[wp-hackers] output buffering in general and wordpress

Dion Hulse (dd32) wordpress at dd32.id.au
Thu May 3 06:39:26 UTC 2012


On 3 May 2012 16:22, Stas Sușcov <stas at nerd.ro> wrote:
> În data de Thu, 03 May 2012 04:06:11 +0300, Dion Hulse (dd32)
> <wordpress at dd32.id.au> a scris:
>
>
>>
>> tl;dr: Avoid output buffering if at all possible, It's faster for web
>> apps to send data over the wire as it's generated, saves memory
>> footprint, saves latency, gets the browser rendering things faster,
>> etc.
>>
>>
>
> This is debatable[1][2] and mostly not true[3].
>
> Beside caching and gzip-ing, a reason to use output buffering is in case of
> a template engine[4].
>
> [1]:
> http://stackoverflow.com/questions/1556613/php-output-buffering-sounds-like-a-bad-idea-is-it
> [2]:
> http://stackoverflow.com/questions/4731375/is-using-output-buffering-considered-a-bad-practice
> [3]: https://developers.google.com/speed/articles/optimizing-php
> [4]: https://github.com/fabpot/Twig/blob/master/lib/Twig/Template.php

Number 3 is a extremely poor article/reasoning for output buffering,
If anything, It's suggesting that output buffering in the way
generally used in the PHP world is a bad thing.
What it does suggest, is that the output buffering configuration
should be tweaked to send chunks of data sooner rather than later,
which is the opposite of most php output buffers.

Most web servers will have a builtin output buffer to send the data in
reasonable sized chunks as well, each servers defaults are different,
and each can be configured differently.
For example, apache with mod_deflate enabled has a 8K buffer - that
is, It reads 8K from the source (PHP, FastCGI, static content, etc)
compresses that, and sends it over the wire.

Links 1 and 2 also have a similar issue, The content they quote saying
it's a advantage is actually advocating disabling full page output
buffers, and flushing buffers early to speed up data being sent over
the wire for faster rendering by the client.

Finally, yes, there are places where output buffering is useful - to
catch echo'd content directly to alter it or cache it, infact, this is
what most WordPress caching plugins do (well, all of them do it).
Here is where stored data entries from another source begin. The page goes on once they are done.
(* Let $k,m$ be positive integers, $n=4k$, and let $A\in\mathbb{R}^{m\times n}$ have $2k$-restricted isometry constant $\delta_{2k}\in[\frac{\sqrt{2}}{2},1)$. Let $x\in\mathbb{R}^n$, $\epsilon\ge 0$, $e\in\mathbb{R}^m$ with $\|e\|_2\le\epsilon$, and $y=Ax+e$. For $p\in(0,1)$ let $x^{\star}$ be a solution of $\min_{\gamma\in\mathbb{R}^n}\|\gamma\|_p$ subject to $\|y-A\gamma\|_2\le\epsilon$, and let $T_0^c=\{k+1,\dots,n\}$. Let $$\bar C(p)=(1+\delta_{2k})2^{\frac p2-1}\Big(\frac{g(p)}{1-\delta_{2k}}\Big)^{p/2},\qquad \bar D(p)=\Big(\frac{2g(p)}{1-\delta_{2k}}\Big)^{p/2}.$$ Then for each $p\in(0,1)$ with $\bar C(p)<1$, $$\|x-x^{\star}\|_2^p\le \bar D_0k^{\frac p2-1}\|x_{T_0^c}\|_p^p+\bar D_1\epsilon^p,\qquad \bar D_0=\frac{2\bar D(p)}{1-\bar C(p)},\quad \bar D_1=\frac{2^p}{(1-\delta_{2k})^{\frac p2}}\Big(1+\frac{2\bar D(p)}{1-\bar C(p)}\Big).$$ In particular, if $\epsilon=0$ and $x$ is $k$-sparse, then $x^{\star}=x$.
   Context: For $1\le s\le n$, the $s$-restricted isometry constant $\delta_s$ of $A$ is the smallest constant such that $(1-\delta_s)\|z\|_2^2\le\|Az\|_2^2\le(1+\delta_s)\|z\|_2^2$ for all $s$-sparse $z\in\mathbb{R}^n$. For $p\in(0,1)$, $\|\gamma\|_p=(\sum_i|\gamma_i|^p)^{1/p}$. For a vector $v$ and index set $T$, $v_T$ is the vector equal to $v$ on $T$ and zero elsewhere. $g(p)=\frac{p}{2}(1-\frac{p}{2})^{\frac{2}{p}-1}$. *)

theory Defs
  imports Complex_Main
begin

text \<open>Vectors in R^n are functions nat => real vanishing outside {0..<n}
  (index i corresponds to coordinate i+1 of the paper).\<close>

definition vecs :: "nat \<Rightarrow> (nat \<Rightarrow> real) set" where
  "vecs n = {z. \<forall>i\<ge>n. z i = 0}"

definition mulv :: "nat \<Rightarrow> nat \<Rightarrow> (nat \<Rightarrow> nat \<Rightarrow> real) \<Rightarrow> (nat \<Rightarrow> real) \<Rightarrow> (nat \<Rightarrow> real)" where
  "mulv m n A z = (\<lambda>i. if i < m then (\<Sum>j<n. A i j * z j) else 0)"

definition norm2 :: "nat \<Rightarrow> (nat \<Rightarrow> real) \<Rightarrow> real" where
  "norm2 n z = sqrt (\<Sum>i<n. (z i)\<^sup>2)"

definition pnorm :: "nat \<Rightarrow> real \<Rightarrow> (nat \<Rightarrow> real) \<Rightarrow> real" where
  "pnorm n p z = (\<Sum>i<n. \<bar>z i\<bar> powr p) powr (1 / p)"

definition sparse :: "nat \<Rightarrow> nat \<Rightarrow> (nat \<Rightarrow> real) \<Rightarrow> bool" where
  "sparse n s z \<longleftrightarrow> z \<in> vecs n \<and> card {i. i < n \<and> z i \<noteq> 0} \<le> s"

definition restr :: "nat set \<Rightarrow> (nat \<Rightarrow> real) \<Rightarrow> (nat \<Rightarrow> real)" where
  "restr T v = (\<lambda>i. if i \<in> T then v i else 0)"

definition ric :: "nat \<Rightarrow> nat \<Rightarrow> (nat \<Rightarrow> nat \<Rightarrow> real) \<Rightarrow> nat \<Rightarrow> real" where
  "ric m n A s = Inf {d. \<forall>z. sparse n s z \<longrightarrow>
      (1 - d) * (norm2 n z)\<^sup>2 \<le> (norm2 m (mulv m n A z))\<^sup>2 \<and>
      (norm2 m (mulv m n A z))\<^sup>2 \<le> (1 + d) * (norm2 n z)\<^sup>2}"

definition g :: "real \<Rightarrow> real" where
  "g p = p / 2 * (1 - p / 2) powr (2 / p - 1)"

end

theory Submission
  imports Defs "HOL-Analysis.Convex" "HOL-Analysis.L2_Norm"
begin
lemma ex_cycle_accepts_iff: "(\<exists>i<k. cycle_accepts i s) \<longleftrightarrow> tail_accepts s"
proof
  assume "\<exists>i<k. cycle_accepts i s"
  then show "tail_accepts s" unfolding cycle_accepts_def by (metis add.right_neutral mult_0)
next
  assume "tail_accepts s"
  then obtain i where i: "i < k" "p i (s mod l i) \<in> final N" unfolding tail_accepts_def by blast
  then have "cycle_accepts i s"
    unfolding cycle_accepts_def tail_accepts_def by (auto intro!: exI[of _ i])
  then show "\<exists>i<k. cycle_accepts i s" using i(1) by blast
qed

definition saturated_final :: "'s set" where
  "saturated_final = q ` {j. j \<le> m \<and> q j \<in> final N} \<union>
     {p i r | i r. i < k \<and> r < l i \<and> cycle_accepts i r}"

definition saturated :: "('s, unit) nfa" where
  "saturated = N\<lparr>final := saturated_final\<rparr>"

lemma path_mem_saturated_final: "j \<le> m \<Longrightarrow> q j \<in> saturated_final \<longleftrightarrow> q j \<in> final N"
  unfolding saturated_final_def using path_ne_cycle by auto

lemma cycle_mem_saturated_final:
  "i < k \<Longrightarrow> r < l i \<Longrightarrow> p i r \<in> saturated_final \<longleftrightarrow> cycle_accepts i r"
  unfolding saturated_final_def using path_ne_cycle cycle_eq_iff by fastforce

lemma cycle_mod_mem_saturated_final:
  "i < k \<Longrightarrow> p i (s mod l i) \<in> saturated_final \<longleftrightarrow> cycle_accepts i s"
  using cycle_mem_saturated_final[of i "s mod l i"] cycle_length_gt_0 cycle_accepts_mod by simp

lemma state_lang_saturated:
  "state_lang saturated s = {w. reach N s w \<inter> saturated_final \<noteq> {}}"
  unfolding state_lang_def saturated_def
  using reach_cong_trans[of "N\<lparr>final := saturated_final\<rparr>" N] by simp

lemma state_lang_saturated_cycle:
  assumes "i < k" "r < l i"
  shows "state_lang saturated (p i r) = {w. cycle_accepts i (r + length w)}"
  unfolding state_lang_saturated using reach_cycle[OF assms] cycle_mod_mem_saturated_final[OF assms(1)]
  by simp

lemma state_lang_saturated_path:
  assumes "j \<le> m"
  shows "state_lang saturated (q j) = {w. accepts (j + length w)}"
proof -
  have "reach N (q j) w \<inter> saturated_final \<noteq> {} \<longleftrightarrow> accepts (j + length w)" for w
  proof (cases "j + length w \<le> m")
    case True
    then have "reach N (q j) w = {q (j + length w)}" using reach_path[OF assms] by simp
    then show ?thesis using True path_mem_saturated_final by (simp add: accepts_def)
  next
    case False
    define s where "s = j + length w - Suc m"
    have "reach N (q j) w = (\<lambda>i. p i (s mod l i)) ` {..<k}"
      using reach_path[OF assms] False by (simp add: s_def)
    then have "reach N (q j) w \<inter> saturated_final \<noteq> {} \<longleftrightarrow>
        (\<exists>i<k. p i (s mod l i) \<in> saturated_final)" by auto
    also have "\<dots> \<longleftrightarrow> (\<exists>i<k. cycle_accepts i s)"
      using cycle_mod_mem_saturated_final by blast
    also have "\<dots> \<longleftrightarrow> accepts (j + length w)"
      using ex_cycle_accepts_iff False by (simp add: accepts_def s_def)
    finally show ?thesis .
  qed
  then show ?thesis unfolding state_lang_saturated by simp
qed

lemma lang_saturated: "lang saturated = lang N"
proof -
  have "lang saturated = state_lang saturated (q 0)"
    using init_eq by (simp add: lang_def saturated_def)
  also have "\<dots> = lang N" using state_lang_saturated_path[of 0] mem_lang_iff by auto
  finally show ?thesis .
qed

lemma subatomic_saturated: "subatomic (lang N) saturated"
  unfolding subatomic_def
proof (intro conjI ballI)
  have "q ` {j. j \<le> m \<and> q j \<in> final N} \<subseteq> q ` {0..m}" by auto
  then have "saturated_final \<subseteq> states N"
    unfolding saturated_final_def states_eq using cycle_mem_image by blast
  then show "wf_nfa saturated" using wf unfolding wf_nfa_def saturated_def by simp
next
  fix s assume "s \<in> states saturated"
  then have "s \<in> q ` {0..m} \<union> (\<lambda>(i, j). p i j) ` {(i, j). i < k \<and> j < l i}"
    using states_eq by (simp add: saturated_def)
  then consider j where "j \<le> m" "s = q j" | i r where "i < k" "r < l i" "s = p i r"
    by auto
  then show "state_lang saturated s \<in> deriv_algebra (lang N)"
  proof cases
    case 1
    have "{w. replicate j () @ w @ [] \<in> lang N} \<in> deriv_algebra (lang N)"
      by (rule deriv_algebra.deriv)
    then show ?thesis using 1 state_lang_saturated_path by (simp add: mem_lang_iff)
  next
    case 2
    have state_lang_eq: "state_lang saturated s =
        (\<Inter>t<(\<Prod>i<k. l i). {w. replicate (Suc m + r + t * l i) () @ w @ [] \<in> lang N})"
      using 2 by (auto simp: state_lang_saturated_cycle cycle_accepts_finite mem_lang_iff
          algebra_simps)
    show ?thesis unfolding state_lang_eq
      by (rule deriv_algebra_INT) (simp, rule deriv_algebra.deriv)
  qed
qed
lemma affine_mul_add_left: "affine_mul (affine_add x y) z = padd (affine_mul x z) (affine_mul y z)"
  by (simp only: affine_mul_commute[of _ z] affine_mul_add_right)

lemma affine_mul_self: "affine_mul x x = affine_mul x affine_one"
  by (cases x) (rule quadratic_eqI; auto simp: affine_one_def)

lemma affine_mul_add_self_one: "affine_mul x (affine_add (affine_add y x) affine_one) = affine_mul x y"
  by (simp add: affine_mul_add_right affine_mul_self padd_assoc)

lemma padd_affine_mul_shift:
  "padd (affine_mul x (affine_add y w)) (affine_mul (affine_add z x) w) =
   padd (affine_mul x y) (affine_mul z w)"
  by (simp add: affine_mul_add_left affine_mul_add_right padd_ac)

section \<open>Affine forms with a given leading variable\<close>

definition affine_forms :: "nat \<Rightarrow> nat set \<Rightarrow> affine set" where
  "affine_forms k E = {(S, e). S \<subseteq> {..k} \<and> k \<in> S \<and> S \<inter> E = {}}"

lemma affine_forms_antimono: "E \<subseteq> E' \<Longrightarrow> affine_forms k E' \<subseteq> affine_forms k E"
  by (auto simp: affine_forms_def)

lemma affine_add_mem_affine_forms:
  assumes "x \<in> affine_forms k E" "y \<in> affine_forms j E" "j < k"
  shows "affine_add x y \<in> affine_forms k E"
    and "j \<in> fst x \<Longrightarrow> affine_add x y \<in> affine_forms k (insert j E)"
  using assms by (cases x; cases y; auto simp: affine_forms_def affine_add_def)+

lemma affine_add_one_mem_affine_forms [simp]:
  "affine_add x affine_one \<in> affine_forms k E \<longleftrightarrow> x \<in> affine_forms k E"
  by (cases x) (simp add: affine_forms_def affine_add_def affine_one_def)

lemma mem_affine_mul_affine_forms:
  assumes "x \<in> affine_forms c E" "y \<in> affine_forms d E" "w \<in> affine_mul x y"
  shows "w \<subseteq> {..max c d} - E"
proof -
  obtain S e T f where xy: "x = (S, e)" "y = (T, f)"
    by fastforce
  then have "w \<subseteq> S \<union> T"
    using assms(3) affine_mul_subset(1) by blast
  moreover have "S \<subseteq> {..c} - E" "T \<subseteq> {..d} - E"
    using assms(1,2) by (auto simp: xy affine_forms_def)
  ultimately show ?thesis
    by (fastforce simp: le_max_iff_disj)
qed

lemma card_affine_forms:
  assumes "k \<notin> E"
  shows "card (affine_forms k E) = 2 ^ Suc (k - card (E \<inter> {..<k}))"
proof -
  have "affine_forms k E = insert k ` Pow ({..<k} - E) \<times> UNIV"
  proof (rule set_eqI)
    fix x :: affine
    show "x \<in> affine_forms k E \<longleftrightarrow> x \<in> insert k ` Pow ({..<k} - E) \<times> UNIV"
    proof (cases x)
      case (Pair S e)
      have "S \<subseteq> {..k} \<and> k \<in> S \<and> S \<inter> E = {} \<longleftrightarrow> S \<in> insert k ` Pow ({..<k} - E)"
      proof
        assume "S \<subseteq> {..k} \<and> k \<in> S \<and> S \<inter> E = {}"
        then have "S = insert k (S - {k})" "S - {k} \<in> Pow ({..<k} - E)"
          by (auto simp: subset_iff less_le)
        then show "S \<in> insert k ` Pow ({..<k} - E)"
          by blast
      qed (use assms in auto)
      then show ?thesis
        by (simp add: Pair affine_forms_def)
    qed
  qed
  moreover have "inj_on (insert k) (Pow ({..<k} - E))"
    by (auto simp: inj_on_def insert_ident)
  moreover have "card ({..<k} - E) = k - card (E \<inter> {..<k})"
    by (simp add: card_Diff_subset_Int Int_commute)
  ultimately show ?thesis
    by (simp add: card_cartesian_product card_image card_Pow)
qed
But
you have to be doing it for a reason for it to be of use.. caching and
some template engines require it, general programming though? It
shouldn't need it at all.

Running full page output buffering - that is, storing every bit of
HTML output from a script into a variable in memory before sending it
to the client, is not going to be of benefit in general, and will
simply lead to more resources being used, and a slower site as a
result.

tl'dr: I disagree with all of the links in the way you're interpreted them.